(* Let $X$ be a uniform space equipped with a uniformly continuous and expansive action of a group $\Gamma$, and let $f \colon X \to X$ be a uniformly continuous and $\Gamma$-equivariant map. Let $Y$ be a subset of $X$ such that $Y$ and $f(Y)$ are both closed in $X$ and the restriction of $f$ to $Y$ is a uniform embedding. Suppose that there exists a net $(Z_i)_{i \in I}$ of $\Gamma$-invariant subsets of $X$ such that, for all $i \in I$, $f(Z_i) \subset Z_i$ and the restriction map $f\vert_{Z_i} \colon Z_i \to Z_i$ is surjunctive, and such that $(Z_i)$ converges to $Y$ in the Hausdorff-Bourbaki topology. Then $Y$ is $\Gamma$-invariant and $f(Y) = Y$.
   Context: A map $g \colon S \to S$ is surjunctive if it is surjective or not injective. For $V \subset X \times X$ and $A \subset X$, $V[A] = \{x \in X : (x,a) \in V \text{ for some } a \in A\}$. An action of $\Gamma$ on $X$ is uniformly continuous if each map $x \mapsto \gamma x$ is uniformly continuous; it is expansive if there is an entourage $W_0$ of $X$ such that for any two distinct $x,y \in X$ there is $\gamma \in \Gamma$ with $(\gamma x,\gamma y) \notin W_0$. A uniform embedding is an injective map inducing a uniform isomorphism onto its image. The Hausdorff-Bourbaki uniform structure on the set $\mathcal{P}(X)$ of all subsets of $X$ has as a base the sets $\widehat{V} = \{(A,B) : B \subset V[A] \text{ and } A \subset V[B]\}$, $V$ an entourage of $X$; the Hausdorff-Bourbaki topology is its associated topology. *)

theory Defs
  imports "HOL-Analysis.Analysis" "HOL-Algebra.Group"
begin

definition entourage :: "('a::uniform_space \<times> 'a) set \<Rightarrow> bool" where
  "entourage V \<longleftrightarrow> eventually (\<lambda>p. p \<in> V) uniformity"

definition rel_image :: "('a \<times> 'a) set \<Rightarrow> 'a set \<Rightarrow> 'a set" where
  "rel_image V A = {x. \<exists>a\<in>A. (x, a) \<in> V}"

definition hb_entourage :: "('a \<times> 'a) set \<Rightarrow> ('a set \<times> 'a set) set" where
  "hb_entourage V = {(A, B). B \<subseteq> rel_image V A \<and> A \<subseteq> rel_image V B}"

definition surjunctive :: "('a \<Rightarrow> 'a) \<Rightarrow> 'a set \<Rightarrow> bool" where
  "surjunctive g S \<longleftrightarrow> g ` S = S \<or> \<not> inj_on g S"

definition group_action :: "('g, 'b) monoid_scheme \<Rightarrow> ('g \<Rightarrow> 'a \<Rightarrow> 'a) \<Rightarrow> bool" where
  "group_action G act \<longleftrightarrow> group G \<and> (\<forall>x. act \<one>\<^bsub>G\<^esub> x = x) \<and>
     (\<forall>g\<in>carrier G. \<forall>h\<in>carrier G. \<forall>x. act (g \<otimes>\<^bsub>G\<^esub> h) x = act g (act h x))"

▬▬▬▬▬▬

## [Task]
Copy each line above where "exists" appears.

## [Exercise output]
(* Let $X$ be a uniform space equipped with a uniformly continuous and expansive action of a group $\Gamma$, and let $f \colon X \to X$ be a uniformly continuous and $\Gamma$-equivariant map. Let $Y$ be a subset of $X$ such that $Y$ and $f(Y)$ are both closed in $X$ and the restriction of $f$ to $Y$ is a uniform embedding. Suppose that there exists a net $(Z_i)_{i \in I}$ of $\Gamma$-invariant subsets of $X$ such that, for all $i \in I$, $f(Z_i) \subset Z_i$ and the restriction map $f\vert_{Z_i} \colon Z_i \to Z_i$ is surjunctive, and such that $(Z_i)$ converges to $Y$ in the Hausdorff-Bourbaki topology. Then $Y$ is $\Gamma$-invariant and $f(Y) = Y$.
  "rel_image V A = {x. \<exists>a\<in>A. (x, a) \<in> V}"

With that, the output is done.